The state is susceptible to tropical cyclones, hurricanes, tornadoes, and winter storms, with annual snowfall ranging from 8 to 15 inches (20-38 cm). Virginia has recorded its highest temperature at 110°F (43°C) and its lowest at -30°F (-34°C). USDA hardiness zones in Virginia range from 5a to 8a.
Where Do Palm Trees Grow In Virginia
In the warmer regions of Virginia, you can discover a variety of cold-hardy palms, including the Needle palm, Cabbage palm, Dwarf Palmetto palm, Pindo palm, Mediterranean Fan palm, Mexican Fan palm, Windmill palm, and even the California Fan palm.

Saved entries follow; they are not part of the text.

(* Let $\mathscr H_1,\dots,\mathscr H_N$ be null hypotheses with associated random "p-values" $p_1,\dots,p_N$; call $p_l$ null if $\mathscr H_l$ is true. Assume the null p-values are i.i.d., satisfy $\Pr(p_l\le u)\le u$ for all $u\in[0,1]$, and are independent of the non-null p-values. Fix $q\in(0,1]$ and $\mathcal K\subset\{1,\dots,N\}$. Define $$\hat k=\max\Big\{k\in\mathcal K:\frac{\#\{l\le k:p_l>1/2\}}{\#\{l\le k:p_l\le 1/2\}\vee1}\le q\Big\},\qquad \hat k_+=\max\Big\{k\in\mathcal K:\frac{1+\#\{l\le k:p_l>1/2\}}{\#\{l\le k:p_l\le 1/2\}\vee1}\le q\Big\},$$ with $\hat k=0$ (resp. $\hat k_+=0$) if the set is empty, and reject $\mathscr H_k$ for all $k\le\hat k$ (resp. $k\le \hat k_+$) with $p_k\le1/2$. Let $V=\#\{l\le\hat k: p_l\text{ null},\ p_l\le1/2\}$, $R=\#\{l\le\hat k:p_l\le1/2\}$, $V_+=\#\{l\le\hat k_+: p_l\text{ null},\ p_l\le1/2\}$, $R_+=\#\{l\le\hat k_+:p_l\le1/2\}$ (all zero when the corresponding $\hat k$ or $\hat k_+$ is $0$). Then $$\mathbb E\Big[\frac{V}{R+q^{-1}}\Big]\le q\qquad\text{and}\qquad \mathbb E\Big[\frac{V_+}{R_+\vee1}\Big]\le q.$$
   Context: Indices $l\le k$ range over $\{1,\dots,k\}$; $a\vee b=\max\{a,b\}$. *)

theory Defs
  imports "HOL-Probability.Probability"
begin

definition n_gt :: "(nat \<Rightarrow> real) \<Rightarrow> nat \<Rightarrow> nat" where
  "n_gt x k = card {l \<in> {1..k}. x l > 1/2}"

definition n_le :: "(nat \<Rightarrow> real) \<Rightarrow> nat \<Rightarrow> nat" where
  "n_le x k = card {l \<in> {1..k}. x l \<le> 1/2}"

text \<open>Stopping index; c = 0 gives k-hat, c = 1 gives k-hat-plus. Value 0 if the set is empty.\<close>
definition khat :: "real \<Rightarrow> nat set \<Rightarrow> real \<Rightarrow> (nat \<Rightarrow> real) \<Rightarrow> nat" where
  "khat c K q x = Max ({0} \<union> {k \<in> K. (c + real (n_gt x k)) / real (max (n_le x k) 1) \<le> q})"

definition Vcnt :: "nat set \<Rightarrow> (nat \<Rightarrow> real) \<Rightarrow> nat \<Rightarrow> nat" where
  "Vcnt H0 x k = card {l \<in> {1..k}. l \<in> H0 \<and> x l \<le> 1/2}"
lemma card_set_add_column:
  assumes "is_partition nu" and "length nu \<le> N"
  shows "card (set (add_column N nu)) = card (set nu) + (if length nu < N then 1 else 0)"
proof -
  have "set (add_column N nu) = Suc ` set nu \<union> (if length nu < N then {1} else {})"
    using assms(2) by (auto simp: add_column_def)
  moreover have "1 \<notin> Suc ` set nu" using assms(1) by (auto simp: is_partition_def)
  ultimately show ?thesis by (auto simp: card_image)
qed

lemma is_partition_remove_column: "is_partition mu \<Longrightarrow> is_partition (remove_column mu)"
proof -
  assume "is_partition mu"
  then have "sorted_wrt (\<ge>) (takeWhile (\<lambda>p. 1 < p) mu)"
    by (simp add: is_partition_def)
  then have "sorted_wrt (\<lambda>x y. y - 1 \<le> x - 1) (takeWhile (\<lambda>p. 1 < p) mu)"
    by (rule sorted_wrt_mono_rel[rotated]) auto
  then show ?thesis
    unfolding is_partition_def remove_column_def by (auto simp: sorted_wrt_map dest: set_takeWhileD)
qed

lemma length_remove_column_le: "length (remove_column mu) \<le> length mu"
  by (simp add: remove_column_def length_takeWhile_le)

lemma sum_full_length_bounded_partitions:
  "(\<Sum>mu\<in>{mu\<in>bounded_partitions (Suc n) m. length mu = Suc n}. monom 1 (2 * card (set mu))) =
    (if m < 2 * Suc n then 0 else
       fps_nth (bounded_gf (Suc n)) (m - 2 * Suc n) + (px\<^sup>2 - 1) * fps_nth (bounded_gf n) (m - 2 * Suc n))"
proof (cases "m < 2 * Suc n")
  case True
  have "Suc n \<le> sum_list mu" if "is_partition mu" "length mu = Suc n" for mu
    using that length_le_sum_list[of mu] by (simp add: is_partition_def)
  with True have "{mu\<in>bounded_partitions (Suc n) m. length mu = Suc n} = {}"
    by (fastforce simp: bounded_partitions_def)
  then show ?thesis using True by (simp only:) simp
next
  case False
  define m' where "m' = m - 2 * Suc n"
  txt \<open>Removing the first column lowers the size by \<open>Suc n\<close> and loses one distinct part
    exactly when the last part is 1.\<close>
  have "(\<Sum>mu\<in>{mu\<in>bounded_partitions (Suc n) m. length mu = Suc n}. monom 1 (2 * card (set mu))) =
      (\<Sum>nu\<in>bounded_partitions (Suc n) m'. monom 1 (2 * card (set nu) + (if length nu < Suc n then 2 else 0)))"
  proof (rule sym, rule sum.reindex_bij_witness[where j = "add_column (Suc n)" and i = remove_column])
    fix nu assume "nu \<in> bounded_partitions (Suc n) m'"
    then have P: "is_partition nu" and L: "length nu \<le> Suc n" and size: "2 * sum_list nu = m'"
      by (auto simp: bounded_partitions_def)
    show "remove_column (add_column (Suc n) nu) = nu"
      using P by (intro remove_add_column) (simp add: is_partition_def)
    show "add_column (Suc n) nu \<in> {mu \<in> bounded_partitions (Suc n) m. length mu = Suc n}"
      using is_partition_add_column[OF P] length_add_column[OF L] sum_list_add_column[OF L] size False
      by (auto simp: bounded_partitions_def m'_def)
    show "monom 1 (2 * card (set (add_column (Suc n) nu))) =
        monom 1 (2 * card (set nu) + (if length nu < Suc n then 2 else 0))"
      using card_set_add_column[OF P L] by simp
  next
    fix mu assume "mu \<in> {mu \<in> bounded_partitions (Suc n) m. length mu = Suc n}"
    then have P: "is_partition mu" and L: "length mu = Suc n" and size: "2 * sum_list mu = m"
      by (auto simp: bounded_partitions_def)
    have mu: "add_column (Suc n) (remove_column mu) = mu"
      using add_remove_column[of mu] P L by (simp add: is_partition_def)
    then show "add_column (Suc n) (remove_column mu) = mu" .
    have "sum_list mu = sum_list (remove_column mu) + Suc n"
      using sum_list_add_column[of "remove_column mu" "Suc n"] length_remove_column_le[of mu] L mu
      by simp
    then show "remove_column mu \<in> bounded_partitions (Suc n) m'"
      using is_partition_remove_column[OF P] length_remove_column_le[of mu] L size
      by (auto simp: bounded_partitions_def m'_def)
  qed
  also have "\<dots> = fps_nth (bounded_gf (Suc n)) m' + (px\<^sup>2 - 1) * fps_nth (bounded_gf n) m'"
    by (rule sum_bounded_partitions_Suc)
  finally show ?thesis using False by (simp add: m'_def)
qed
lemma slices_below_caseL:
  assumes e: "eval_exp \<rho>' e (VInl v)"
    and "eval T (ext \<rho>' v) \<nu> M1 \<nu>' R'" and IH: "slices_below T (ext \<rho>' v) \<nu> M1 \<nu>' R'"
  shows "slices_below (TCaseL e T) \<rho>' \<nu> (CCase e M1 M2) \<nu>' R'"
proof (rule slices_below_if_non_box[OF eval_caseL[OF assms(1,2)]], goal_cases)
  case (1 \<mu> R)
  obtain \<rho>x \<mu>' N V where \<rho>x: "le_env \<rho>x (ext \<rho>' v)" and N: "le_store \<mu>' \<nu>" "le_comp N M1"
    "le_trace V T" and slice: "bslice \<mu> R T \<rho>x \<mu>' N V"
    using IH 1(1,2) by (rule slices_belowE)
  have x: "le_val (\<rho>x 0) v" "le_env (\<rho>x \<circ> Suc) \<rho>'" using le_env_ext[OF \<rho>x] by blast+
  have "le_val (VInl (\<rho>x 0)) (VInl v)" using x(1) by (rule le_val.intros)
  then obtain \<rho>e e' where e': "eslice (VInl (\<rho>x 0)) e \<rho>e e'" "le_env \<rho>e \<rho>'" "le_exp e' e"
    using eslice_exists[OF e] by blast
  note join = is_join_pointwise_join[OF x(2) e'(2)]
  have "bslice \<mu> R (TCaseL e T) (pointwise_join (\<rho>x \<circ> Suc) \<rho>e) \<mu>' (CCase e' N CHole) (TCaseL e' V)"
    using 1(3) slice e'(1) join by (rule b_caseL)
  then show ?case
    using is_join_least[OF join, of \<rho>'] x(2) e' N
    by (blast intro: has_slice_belowI le_exp_le_comp.intros le_trace.intros)
qed
(* Let $a,b\in\mathbb D$ with $a\neq b$. For $\varepsilon\in\mathbb C\setminus\{0\}$ let $L^\varepsilon_{aVbV}$ denote Coman's Lempert function on $\mathbb D^2$ with the four poles $(a,0),(b,0),(b,\varepsilon),(a,\varepsilon)$, all of weight $1$. Then for every $z\in\mathbb D^2$, $$\limsup_{\varepsilon\to0}L^\varepsilon_{aVbV}(z)\le\min\{L_{a0b0}(z),L_{aVb0}(z),L_{a0bV}(z),L_{aVbV}(z)\}.$$
   Context: $\mathbb D$ is the open unit disc; maps $\varphi=(\varphi_1,\varphi_2)$ are holomorphic $\mathbb D\to\mathbb D^2$, $\zeta_1,\zeta_2\in\mathbb D$. Coman's Lempert function with poles $p_1,\dots,p_k$ of weight 1: $\inf\{\sum_j\log|\zeta_j|:\varphi(0)=z,\varphi(\zeta_j)=p_j\}$. All of the following are infima over $\varphi$ with $\varphi(0)=z$, $\varphi(\zeta_1)=(a,0)$, $\varphi(\zeta_2)=(b,0)$: $L_{a0b0}(z)=\inf(\log|\zeta_1|+\log|\zeta_2|)$; $L_{a0bV}(z)=\inf(\log|\zeta_1|+2\log|\zeta_2|)$ with additionally $\varphi_1'(\zeta_2)=0$; $L_{aVb0}(z)=\inf(2\log|\zeta_1|+\log|\zeta_2|)$ with additionally $\varphi_1'(\zeta_1)=0$; $L_{aVbV}(z)=\inf(2\log|\zeta_1|+2\log|\zeta_2|)$ with additionally $\varphi_1'(\zeta_1)=\varphi_1'(\zeta_2)=0$. *)

theory Defs
  imports "HOL-Complex_Analysis.Complex_Analysis"
begin

abbreviation unit_disc :: "complex set" where
  "unit_disc \<equiv> ball 0 1"

definition disc_map :: "(complex \<Rightarrow> complex) \<Rightarrow> (complex \<Rightarrow> complex) \<Rightarrow> bool" where
  "disc_map \<phi>1 \<phi>2 \<longleftrightarrow> \<phi>1 holomorphic_on unit_disc \<and> \<phi>2 holomorphic_on unit_disc
     \<and> \<phi>1 ` unit_disc \<subseteq> unit_disc \<and> \<phi>2 ` unit_disc \<subseteq> unit_disc"

definition elog :: "real \<Rightarrow> ereal" where
  "elog r = (if r = 0 then -\<infinity> else ereal (ln r))"

text \<open>Coman's Lempert function on \<open>D^2\<close> with poles \<open>P!0, ..., P!(k-1)\<close>, all of weight 1
  (infimum over the empty set is \<open>+\<infinity>\<close>).\<close>
definition coman_lempert :: "(complex \<times> complex) list \<Rightarrow> complex \<times> complex \<Rightarrow> ereal" where
  "coman_lempert P z = Inf {(\<Sum>j<length P. elog (cmod (\<zeta> j))) | \<phi>1 \<phi>2 \<zeta>.
      disc_map \<phi>1 \<phi>2 \<and> (\<phi>1 0, \<phi>2 0) = z \<and>
      (\<forall>j<length P. \<zeta> j \<in> unit_disc \<and> (\<phi>1 (\<zeta> j), \<phi>2 (\<zeta> j)) = P ! j)}"

definition L_a0b0 :: "complex \<Rightarrow> complex \<Rightarrow> complex \<times> complex \<Rightarrow> ereal" where
  "L_a0b0 a b z = Inf {elog (cmod \<zeta>1) + elog (cmod \<zeta>2) | \<phi>1 \<phi>2 \<zeta>1 \<zeta>2.
      disc_map \<phi>1 \<phi>2 \<and> (\<phi>1 0, \<phi>2 0) = z \<and> \<zeta>1 \<in> unit_disc \<and> \<zeta>2 \<in> unit_disc \<and>
      (\<phi>1 \<zeta>1, \<phi>2 \<zeta>1) = (a, 0) \<and> (\<phi>1 \<zeta>2, \<phi>2 \<zeta>2) = (b, 0)}"

definition L_a0bV :: "complex \<Rightarrow> complex \<Rightarrow> complex \<times> complex \<Rightarrow> ereal" where
  "L_a0bV a b z = Inf {elog (cmod \<zeta>1) + 2 * elog (cmod \<zeta>2) | \<phi>1 \<phi>2 \<zeta>1 \<zeta>2.
      disc_map \<phi>1 \<phi>2 \<and> (\<phi>1 0, \<phi>2 0) = z \<and> \<zeta>1 \<in> unit_disc \<and> \<zeta>2 \<in> unit_disc \<and>
      (\<phi>1 \<zeta>1, \<phi>2 \<zeta>1) = (a, 0) \<and> (\<phi>1 \<zeta>2, \<phi>2 \<zeta>2) = (b, 0) \<and>
      deriv \<phi>1 \<zeta>2 = 0}"

definition L_aVb0 :: "complex \<Rightarrow> complex \<Rightarrow> complex \<times> complex \<Rightarrow> ereal" where
  "L_aVb0 a b z = Inf {2 * elog (cmod \<zeta>1) + elog (cmod \<zeta>2) | \<phi>1 \<phi>2 \<zeta>1 \<zeta>2.
      disc_map \<phi>1 \<phi>2 \<and> (\<phi>1 0, \<phi>2 0) = z \<and> \<zeta>1 \<in> unit_disc \<and> \<zeta>2 \<in> unit_disc \<and>
      (\<phi>1 \<zeta>1, \<phi>2 \<zeta>1) = (a, 0) \<and> (\<phi>1 \<zeta>2, \<phi>2 \<zeta>2) = (b, 0) \<and>
      deriv \<phi>1 \<zeta>1 = 0}"

definition L_aVbV :: "complex \<Rightarrow> complex \<Rightarrow> complex \<times> complex \<Rightarrow> ereal" where
  "L_aVbV a b z = Inf {2 * elog (cmod \<zeta>1) + 2 * elog (cmod \<zeta>2) | \<phi>1 \<phi>2 \<zeta>1 \<zeta>2.
      disc_map \<phi>1 \<phi>2 \<and> (\<phi>1 0, \<phi>2 0) = z \<and> \<zeta>1 \<in> unit_disc \<and> \<zeta>2 \<in> unit_disc \<and>
      (\<phi>1 \<zeta>1, \<phi>2 \<zeta>1) = (a, 0) \<and> (\<phi>1 \<zeta>2, \<phi>2 \<zeta>2) = (b, 0) \<and>
      deriv \<phi>1 \<zeta>1 = 0 \<and> deriv \<phi>1 \<zeta>2 = 0}"

end

theory Submission
  imports Defs
begin

(*
  Take a competitor \<phi> for one of the four functions L and put F = \<phi> \<circ> (r G), where 0 < r < 1 and
  G is a holomorphic self-map of the disc fixing 0 (the identity or a Blaschke product of degree 2);
  F maps the disc into a compact part of D\<^sup>2. A simple pole \<zeta> of \<phi> becomes two preimages of \<zeta>/r
  under G, with product of moduli |\<zeta>|/r; a double pole (a zero of \<phi>1') becomes a critical point of
  F1, next to which F takes the value (a, \<epsilon>) up to an error small compared with the distance. In
  both cases the four values (a,0), (b,0), (b,\<epsilon>), (a,\<epsilon>) are then attained exactly after adding a
  Lagrange interpolation polynomial that tends to 0 with \<epsilon>, and the compactness margin keeps the
  corrected map inside D\<^sup>2. Letting \<epsilon> \<rightarrow> 0 and then r \<rightarrow> 1 gives the bound.
*)

lemma elog_mult: "0 \<le> x \<Longrightarrow> 0 \<le> y \<Longrightarrow> elog (x * y) = elog x + elog y"
  by (auto simp: elog_def ln_mult)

However, it’s important to note that most palms along the immediate coast face challenges due to the strong winter winds, resulting in a survival rate of only around 50%.
A visit to Virginia Beach will reveal that many palms appear to have suffered significant winter damage. Palms such as the Queen palm and Pygmy Date palm, which are only cold-hardy to zone 9b, are unlikely to survive a single winter in Virginia Beach.
Many beachfront hotels choose to plant warmth-loving palms, such as the coconut palm, each year for the tourist season, fully aware that these plants will not survive the winter. Some even cultivate tropical plants in pots, moving them in and out of greenhouses as needed.
While most palms in Virginia Beach are intentionally planted, there are also some that grow naturally in the area. Palms at private residences have a significantly better chance of thriving when provided with winter protection and planted in a microclimate—a location with slightly different temperatures than the surrounding area.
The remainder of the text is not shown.